We’re hot and sweaty. It’s 88 degrees on this March evening
in Key West but inside, the store is spare and cool.
Turquoise and silver separate me from my sister.
I gaze like an owl into the glass display case.
The store is all we have left; its beacon call warns us to stay cool.
My niece has come along, but finds this sultry evening
boring. She’s visiting her mother, in my opinion, evening
the score. Age six, she was handed over to her father. In case
of emergency, she had to write in her stepmother’s name. Cool
and gray, her eyes are family. I follow them. Duval Street
is full.
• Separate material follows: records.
(* Under the Gaussian tile model described in the context, with the location $X$ uniformly distributed a priori on $[L]$, the maximum likelihood location estimate is given by minimizing the norm induced by a generalized inner product: $$\hat{\ell}_{\mathrm{GIP}_{2D}}=\operatorname*{arg\,min}_{\ell\in[L]}\big\|\vec{\mathbf{y}}-\vec{\mathbf{y}}^\ell\big\|_{\mathbf{G}},$$ where $\|\mathbf v\|_{\mathbf G}=\sqrt{\mathbf v^{\top}\mathbf G\mathbf v}$ and $\mathbf{G}$ is the $N_wN_d\times N_wN_d$ diagonal matrix with $$\mathbf{G}_{k+(j-1)N_w,\,k+(j-1)N_w}=\frac{1}{2\sigma_i^2+N_0/\tilde A_{k,j}},\qquad k\in[N_w],\ j\in[N_d].$$
   Context: Setting: each image is a matrix of $N_w\times N_d$ tiles; for a matrix $\mathbf Y$, its column-wise vectorization $\vec{\mathbf y}\in\mathbb R^{N_wN_d}$ has $\vec y_{k+(j-1)N_w}=y_{k,j}$. The captured image is $Y_{k,j}=a_{k,j}+n^i_{k,j}+n^s_{k,j}$, where $a_{k,j}$ is the road signal, $n^i_{k,j}\sim\mathcal N(0,\sigma_i^2)$ is intrinsic noise and $n^s_{k,j}\sim\mathcal N(0,N_0/\tilde A_{k,j})$ is sensor noise, with $\sigma_i^2>0$, $N_0>0$, and $\tilde A_{k,j}>0$ the area of the projection of road tile $(k,j)$ onto the camera's focal plane. The $\ell$-th global map section ($\ell\in[L]$) is $Y^\ell_{k,j}=a^\ell_{k,j}+n^{i,\ell}_{k,j}$ with $n^{i,\ell}_{k,j}\sim\mathcal N(0,\sigma_i^2)$; if the true location is $\ell$ then $a_{k,j}=a^\ell_{k,j}$ for all tiles. All noises are independent across tiles and of one another. Conditional on $X=\ell$, the captured image depends on the map only through $\mathbf Y^\ell$, and given $Y^\ell_{k,j}=y^\ell_{k,j}$ the signal is modeled as $a^\ell_{k,j}\sim\mathcal N(y^\ell_{k,j},\sigma_i^2)$, independently across tiles. The maximum likelihood location estimate is the $\ell$ maximizing $\Pr(X=\ell\mid\mathbf Y=\mathbf y,\mathbf Y^l=\mathbf y^l, l\in[L])$. *)

theory Defs
  imports "HOL-Probability.Probability"
begin

text \<open>Images are real-valued functions of the tile index (k,j), k in 1..Nw, j in 1..Nd.
  sig is the standard deviation of the intrinsic noise (variance sig^2).\<close>

text \<open>Column-wise vectorization: vec_y (k + (j-1) Nw) = y k j, indices 1..Nw*Nd.\<close>
definition vecz :: "nat \<Rightarrow> (nat \<Rightarrow> nat \<Rightarrow> real) \<Rightarrow> nat \<Rightarrow> real" where
  "vecz Nw Y p = Y ((p - 1) mod Nw + 1) ((p - 1) div Nw + 1)"

definition Gmat :: "nat \<Rightarrow> real \<Rightarrow> real \<Rightarrow> (nat \<Rightarrow> nat \<Rightarrow> real) \<Rightarrow> nat \<Rightarrow> nat \<Rightarrow> real" where
  "Gmat Nw sig N0 At p q =
     (if p = q then 1 / (2 * sig\<^sup>2 + N0 / At ((p - 1) mod Nw + 1) ((p - 1) div Nw + 1))
      else 0)"

definition Gnorm :: "nat \<Rightarrow> (nat \<Rightarrow> nat \<Rightarrow> real) \<Rightarrow> (nat \<Rightarrow> real) \<Rightarrow> real" where
  "Gnorm n G v = sqrt (\<Sum>p\<in>{1..n}. \<Sum>q\<in>{1..n}. v p * G p q * v q)"

text \<open>Density at y of a + n_i + n_s, where a ~ N(m, sig^2) (signal given map value m),
  n_i ~ N(0, sig^2), n_s ~ N(0, N0/At), all independent (convolution of densities).\<close>
definition tile_lik :: "real \<Rightarrow> real \<Rightarrow> real \<Rightarrow> real \<Rightarrow> real \<Rightarrow> real" where
  "tile_lik sig N0 At m y =
     (\<integral>a. normal_density m sig a *
        (\<integral>u. normal_density 0 sig u * normal_density 0 (sqrt (N0 / At)) (y - a - u) \<partial>lborel)
      \<partial>lborel)"

definition img_lik :: "nat \<Rightarrow> nat \<Rightarrow> real \<Rightarrow> real \<Rightarrow> (nat \<Rightarrow> nat \<Rightarrow> real)
    \<Rightarrow> (nat \<Rightarrow> nat \<Rightarrow> real) \<Rightarrow> (nat \<Rightarrow> nat \<Rightarrow> real) \<Rightarrow> real" where
  "img_lik Nw Nd sig N0 At yl y =
     (\<Prod>k\<in>{1..Nw}. \<Prod>j\<in>{1..Nd}. tile_lik sig N0 (At k j) (yl k j) (y k j))"

definition posterior :: "nat \<Rightarrow> nat \<Rightarrow> nat \<Rightarrow> real \<Rightarrow> real \<Rightarrow> (nat \<Rightarrow> nat \<Rightarrow> real)
    \<Rightarrow> (nat \<Rightarrow> nat \<Rightarrow> nat \<Rightarrow> real) \<Rightarrow> (nat \<Rightarrow> nat \<Rightarrow> real) \<Rightarrow> nat \<Rightarrow> real" where
  "posterior L Nw Nd sig N0 At ymap y l =
     (1 / real L) * img_lik Nw Nd sig N0 At (ymap l) y /
     (\<Sum>m\<in>{1..L}. (1 / real L) * img_lik Nw Nd sig N0 At (ymap m) y)"

definition max_lik_estimates where
  "max_lik_estimates L Nw Nd sig N0 At ymap y =
     {l \<in> {1..L}. \<forall>m\<in>{1..L}.
        posterior L Nw Nd sig N0 At ymap y m \<le> posterior L Nw Nd sig N0 At ymap y l}"

end

theory Submission
  imports Defs
begin

text \<open>Each tile of the captured image is the map value plus three independent centred Gaussians
  (signal uncertainty and intrinsic noise, both of variance \<open>\<sigma>\<^sub>i\<^sup>2\<close>, and sensor noise of
  variance \<open>N\<^sub>0/A\<close>), so its likelihood is a Gaussian density of variance \<open>2\<sigma>\<^sub>i\<^sup>2 + N\<^sub>0/A\<close>
  around the map value. The image likelihood is therefore a location-independent constant times
  \<open>exp (-\<parallel>y - y\<^sup>l\<parallel>\<^sub>G\<^sup>2 / 2)\<close>; with a uniform prior the posterior is increasing in the likelihood,
  hence maximal exactly where the \<open>G\<close>-distance is minimal.\<close>

definition tile_var :: "real \<Rightarrow> real \<Rightarrow> real \<Rightarrow> real" where
  "tile_var sig N0 A = 2 * sig\<^sup>2 + N0 / A"

definition weighted_sq_dist ::
    "nat \<Rightarrow> nat \<Rightarrow> (nat \<Rightarrow> nat \<Rightarrow> real) \<Rightarrow> (nat \<Rightarrow> nat \<Rightarrow> real) \<Rightarrow> (nat \<Rightarrow> nat \<Rightarrow> real) \<Rightarrow> real" where
  "weighted_sq_dist Nw Nd v y z = (\<Sum>k\<in>{1..Nw}. \<Sum>j\<in>{1..Nd}. (y k j - z k j)\<^sup>2 / v k j)"

lemma normal_density_convolution:
  assumes "0 < \<sigma>" and "0 < \<tau>"
  shows "(\<integral>a. normal_density \<mu> \<sigma> a * normal_density 0 \<tau> (x - a) \<partial>lborel)
         = normal_density \<mu> (sqrt (\<sigma>\<^sup>2 + \<tau>\<^sup>2)) x"
proof -
  have "(\<integral>\<^sup>+a. ennreal (normal_density \<mu> \<sigma> a * normal_density 0 \<tau> (x - a)) \<partial>lborel)
     = (\<integral>\<^sup>+b. ennreal (normal_density \<mu> \<sigma> (\<mu> + b) * normal_density 0 \<tau> (x - (\<mu> + b))) \<partial>lborel)"
    using nn_integral_real_affine[where c=1 and t=\<mu>
        and f="\<lambda>a. ennreal (normal_density \<mu> \<sigma> a * normal_density 0 \<tau> (x - a))"]
    by simp
  also have "\<dots> = (\<integral>\<^sup>+b. ennreal (normal_density 0 \<tau> ((x - \<mu>) - b) * normal_density 0 \<sigma> b) \<partial>lborel)"
    by (simp add: normal_density_def algebra_simps)
  also have "\<dots> = ennreal (normal_density 0 (sqrt (\<tau>\<^sup>2 + \<sigma>\<^sup>2)) (x - \<mu>))"
    using conv_normal_density_zero_mean[OF assms(2,1)] by metis
  also have "normal_density 0 (sqrt (\<tau>\<^sup>2 + \<sigma>\<^sup>2)) (x - \<mu>) = normal_density \<mu> (sqrt (\<sigma>\<^sup>2 + \<tau>\<^sup>2)) x"
    by (simp add: normal_density_def add.commute)
  finally have "has_bochner_integral lborel (\<lambda>a. normal_density \<mu> \<sigma> a * normal_density 0 \<tau> (x - a))
      (normal_density \<mu> (sqrt (\<sigma>\<^sup>2 + \<tau>\<^sup>2)) x)"
    by (intro has_bochner_integral_nn_integral) (auto simp: normal_density_nonneg)
  then show ?thesis
    by (simp add: has_bochner_integral_integral_eq)
qed

lemma tile_lik_eq_normal_density:
  assumes "0 < sig" and "0 < N0" and "0 < A"
  shows "tile_lik sig N0 A m y = normal_density m (sqrt (tile_var sig N0 A)) y"
proof -
  have sensor_sd_pos: "0 < sqrt (N0 / A)"
    using assms by simp
  have noise_density: "(\<integral>u. normal_density 0 sig u * normal_density 0 (sqrt (N0 / A)) (y - a - u) \<partial>lborel)
     = normal_density 0 (sqrt (sig\<^sup>2 + N0 / A)) (y - a)" for a
    using normal_density_convolution[OF assms(1) sensor_sd_pos, of 0] assms by simp
  have "tile_lik sig N0 A m y
      = (\<integral>a. normal_density m sig a * normal_density 0 (sqrt (sig\<^sup>2 + N0 / A)) (y - a) \<partial>lborel)"
    by (simp add: tile_lik_def noise_density)
  also have "\<dots> = normal_density m (sqrt (sig\<^sup>2 + (sqrt (sig\<^sup>2 + N0 / A))\<^sup>2)) y"
    by (rule normal_density_convolution) (use assms in \<open>auto intro: add_pos_pos\<close>)
  also have "sig\<^sup>2 + (sqrt (sig\<^sup>2 + N0 / A))\<^sup>2 = tile_var sig N0 A"
    using assms by (simp add: tile_var_def)
  finally show ?thesis .
qed

lemma img_lik_eq_exp_weighted_sq_dist:
  assumes "0 < sig" and "0 < N0"
    and At_pos: "\<And>k j. k \<in> {1..Nw} \<Longrightarrow> j \<in> {1..Nd} \<Longrightarrow> 0 < At k j"
  shows "img_lik Nw Nd sig N0 At z y
    = (\<Prod>k\<in>{1..Nw}. \<Prod>j\<in>{1..Nd}. 1 / sqrt (2 * pi * tile_var sig N0 (At k j)))
      * exp (- weighted_sq_dist Nw Nd (\<lambda>k j. tile_var sig N0 (At k j)) y z / 2)"
proof -
  let ?v = "\<lambda>k j. tile_var sig N0 (At k j)"
  have "img_lik Nw Nd sig N0 At z y
      = (\<Prod>k\<in>{1..Nw}. \<Prod>j\<in>{1..Nd}.
           1 / sqrt (2 * pi * ?v k j) * exp (- ((y k j - z k j)\<^sup>2 / ?v k j) / 2))"
    unfolding img_lik_def
  proof (intro prod.cong refl)
    fix k j assume kj: "k \<in> {1..Nw}" "j \<in> {1..Nd}"
    have "0 < ?v k j"
      using assms At_pos[OF kj] by (simp add: tile_var_def add_pos_pos)
    then show "tile_lik sig N0 (At k j) (z k j) (y k j)
        = 1 / sqrt (2 * pi * ?v k j) * exp (- ((y k j - z k j)\<^sup>2 / ?v k j) / 2)"
      using tile_lik_eq_normal_density assms At_pos[OF kj]
      by (simp add: normal_density_def power2_eq_square field_simps)
  qed
  also have "\<dots> = (\<Prod>k\<in>{1..Nw}. \<Prod>j\<in>{1..Nd}. 1 / sqrt (2 * pi * ?v k j))
      * exp (\<Sum>k\<in>{1..Nw}. \<Sum>j\<in>{1..Nd}. - ((y k j - z k j)\<^sup>2 / ?v k j) / 2)"
    by (simp only: prod.distrib exp_sum finite_atLeastAtMost)
  also have "(\<Sum>k\<in>{1..Nw}. \<Sum>j\<in>{1..Nd}. - ((y k j - z k j)\<^sup>2 / ?v k j) / 2)
      = - weighted_sq_dist Nw Nd ?v y z / 2"
    by (simp add: weighted_sq_dist_def sum_negf sum_divide_distrib)
  finally show ?thesis .
qed

lemma posterior_le_iff_img_lik_le:
  assumes "L \<ge> 1" and lik_pos: "\<And>l. l \<in> {1..L} \<Longrightarrow> 0 < img_lik Nw Nd sig N0 At (ymap l) y"
  shows "posterior L Nw Nd sig N0 At ymap y m \<le> posterior L Nw Nd sig N0 At ymap y l
    \<longleftrightarrow> img_lik Nw Nd sig N0 At (ymap m) y \<le> img_lik Nw Nd sig N0 At (ymap l) y"
proof -
  define S where "S = (\<Sum>m\<in>{1..L}. 1 / real L * img_lik Nw Nd sig N0 At (ymap m) y)"
  have "0 < S"
    unfolding S_def using assms by (intro sum_pos) auto
  then show ?thesis
    unfolding posterior_def S_def[symmetric] using assms(1)
    by (simp add: divide_le_cancel mult_less_0_iff)
qed

lemma bij_betw_vec_index:
  fixes Nw Nd :: nat
  assumes "Nw \<ge> 1"
  shows "bij_betw (\<lambda>p. ((p - 1) mod Nw + 1, (p - 1) div Nw + 1)) {1..Nw*Nd} ({1..Nw} \<times> {1..Nd})"
proof -
  let ?h = "\<lambda>p. ((p - 1) mod Nw + 1, (p - 1) div Nw + 1)"
  have inj: "inj_on ?h {1..Nw*Nd}"
  proof (rule inj_onI)
    fix p q assume "p \<in> {1..Nw*Nd}" "q \<in> {1..Nw*Nd}" and h: "?h p = ?h q"
    from h have "(p - 1) mod Nw = (q - 1) mod Nw" and "(p - 1) div Nw = (q - 1) div Nw"
      by simp_all
    then have "p - 1 = q - 1"
      by (metis div_mult_mod_eq)
    with \<open>p \<in> {1..Nw*Nd}\<close> \<open>q \<in> {1..Nw*Nd}\<close> show "p = q"
      by auto
  qed
  have "?h ` {1..Nw*Nd} \<subseteq> {1..Nw} \<times> {1..Nd}"
  proof clarify
    fix p assume "p \<in> {1..Nw*Nd}"
    then have "(p - 1) div Nw < Nd"
      by (intro less_mult_imp_div_less) (auto simp: mult.commute)
    moreover have "(p - 1) mod Nw < Nw"
      using assms by simp
    ultimately show "(p - 1) mod Nw + 1 \<in> {1..Nw} \<and> (p - 1) div Nw + 1 \<in> {1..Nd}"
      by simp_all
  qed
  moreover have "card (?h ` {1..Nw*Nd}) = card ({1..Nw} \<times> {1..Nd})"
    using card_image[OF inj] by (simp add: card_cartesian_product)
  ultimately have "?h ` {1..Nw*Nd} = {1..Nw} \<times> {1..Nd}"
    by (intro card_subset_eq) auto
  with inj show ?thesis
    by (rule bij_betw_imageI)
qed

lemma sum_vec_index:
  fixes Nw Nd :: nat and f :: "nat \<Rightarrow> nat \<Rightarrow> 'a::comm_monoid_add"
  assumes "Nw \<ge> 1"
  shows "(\<Sum>p\<in>{1..Nw*Nd}. f ((p - 1) mod Nw + 1) ((p - 1) div Nw + 1))
       = (\<Sum>k\<in>{1..Nw}. \<Sum>j\<in>{1..Nd}. f k j)"
  using sum.reindex_bij_betw[OF bij_betw_vec_index[OF assms], of "\<lambda>(k, j). f k j"]
  by (simp add: sum.cartesian_product)

lemma sum_diagonal_quadratic_form:
  fixes w d :: "'a \<Rightarrow> 'b::comm_ring_1"
  assumes "finite A"
  shows "(\<Sum>p\<in>A. \<Sum>q\<in>A. w p * (if p = q then d p else 0) * w q) = (\<Sum>p\<in>A. d p * (w p)\<^sup>2)"
proof -
  have "w p * (if p = q then d p else 0) * w q = (if p = q then d p * (w p)\<^sup>2 else 0)" for p q
    by (simp add: power2_eq_square ac_simps)
  with assms show ?thesis
    by simp
qed

lemma Gnorm_Gmat_vecz_eq:
  assumes "Nw \<ge> 1"
  shows "Gnorm (Nw * Nd) (Gmat Nw sig N0 At) (\<lambda>p. vecz Nw y p - vecz Nw z p)
    = sqrt (weighted_sq_dist Nw Nd (\<lambda>k j. tile_var sig N0 (At k j)) y z)"
proof -
  let ?k = "\<lambda>p. (p - 1) mod Nw + 1" and ?j = "\<lambda>p. (p - 1) div Nw + 1"
  have "Gmat Nw sig N0 At p q = (if p = q then 1 / tile_var sig N0 (At (?k p) (?j p)) else 0)" for p q
    by (simp add: Gmat_def tile_var_def)
  then have "Gnorm (Nw * Nd) (Gmat Nw sig N0 At) (\<lambda>p. vecz Nw y p - vecz Nw z p)
      = sqrt (\<Sum>p\<in>{1..Nw*Nd}. (y (?k p) (?j p) - z (?k p) (?j p))\<^sup>2 / tile_var sig N0 (At (?k p) (?j p)))"
    by (simp add: Gnorm_def sum_diagonal_quadratic_form vecz_def)
  also have "\<dots> = sqrt (weighted_sq_dist Nw Nd (\<lambda>k j. tile_var sig N0 (At k j)) y z)"
    unfolding weighted_sq_dist_def by (subst sum_vec_index[OF assms]) (rule refl)
  finally show ?thesis .
qed

theorem corollary1:
  fixes L Nw Nd :: nat and sig N0 :: real
    and At :: "nat \<Rightarrow> nat \<Rightarrow> real"
    and ymap :: "nat \<Rightarrow> nat \<Rightarrow> nat \<Rightarrow> real"
    and y :: "nat \<Rightarrow> nat \<Rightarrow> real"
  assumes "L \<ge> 1" and "Nw \<ge> 1" and "Nd \<ge> 1"
    and "sig > 0" and "N0 > 0"
    and "\<And>k j. k \<in> {1..Nw} \<Longrightarrow> j \<in> {1..Nd} \<Longrightarrow> At k j > 0"
  shows "max_lik_estimates L Nw Nd sig N0 At ymap y =
    {l \<in> {1..L}. \<forall>m\<in>{1..L}.
       Gnorm (Nw * Nd) (Gmat Nw sig N0 At) (\<lambda>p. vecz Nw y p - vecz Nw (ymap l) p)
       \<le> Gnorm (Nw * Nd) (Gmat Nw sig N0 At) (\<lambda>p. vecz Nw y p - vecz Nw (ymap m) p)}"
proof -
  define C where "C = (\<Prod>k\<in>{1..Nw}. \<Prod>j\<in>{1..Nd}. 1 / sqrt (2 * pi * tile_var sig N0 (At k j)))"
  define Q where "Q l = weighted_sq_dist Nw Nd (\<lambda>k j. tile_var sig N0 (At k j)) y (ymap l)" for l
  have lik: "img_lik Nw Nd sig N0 At (ymap l) y = C * exp (- Q l / 2)" for l
    unfolding C_def Q_def using img_lik_eq_exp_weighted_sq_dist assms(4-6) by blast
  have "0 < C"
    unfolding C_def using assms(4-6)
    by (intro prod_pos) (auto simp: tile_var_def intro!: mult_pos_pos add_pos_pos)
  then have "posterior L Nw Nd sig N0 At ymap y m \<le> posterior L Nw Nd sig N0 At ymap y l
      \<longleftrightarrow> sqrt (Q l) \<le> sqrt (Q m)" for l m
    using posterior_le_iff_img_lik_le[OF assms(1)] by (simp add: lik)
  then show ?thesis
    unfolding max_lik_estimates_def Q_def Gnorm_Gmat_vecz_eq[OF assms(2)] by simp
qed

end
Homeless men weave flowers out of palm leaves, store
them in back pockets, dare tourists not to buy. “Our sister-
in-law made these.” Sara points to the dream catchers. My sister
loves these spider webs adorned with feathers. “The evening
I brought her here, she saw one dream catcher and asked the store
clerks if they could sell more. Before she crossed the street
(you know Gloria) she was imagining designs, in case the manager said
‘Yes, send all you can make.’” Cool dreams from the north sell here. I
try not to act as cool and distant as I feel. I know she knows, this sister
of mine, that my brother and his wife don’t speak to me. The street,
the house they occupy, unknown to me. And why on this evening is my
head full of stupid hope, this visit to Key West a case in point, Sara and
I only recently on speaking terms. I store away, in separate trunks, our
sadnesses, store them because I need them, believe we need them.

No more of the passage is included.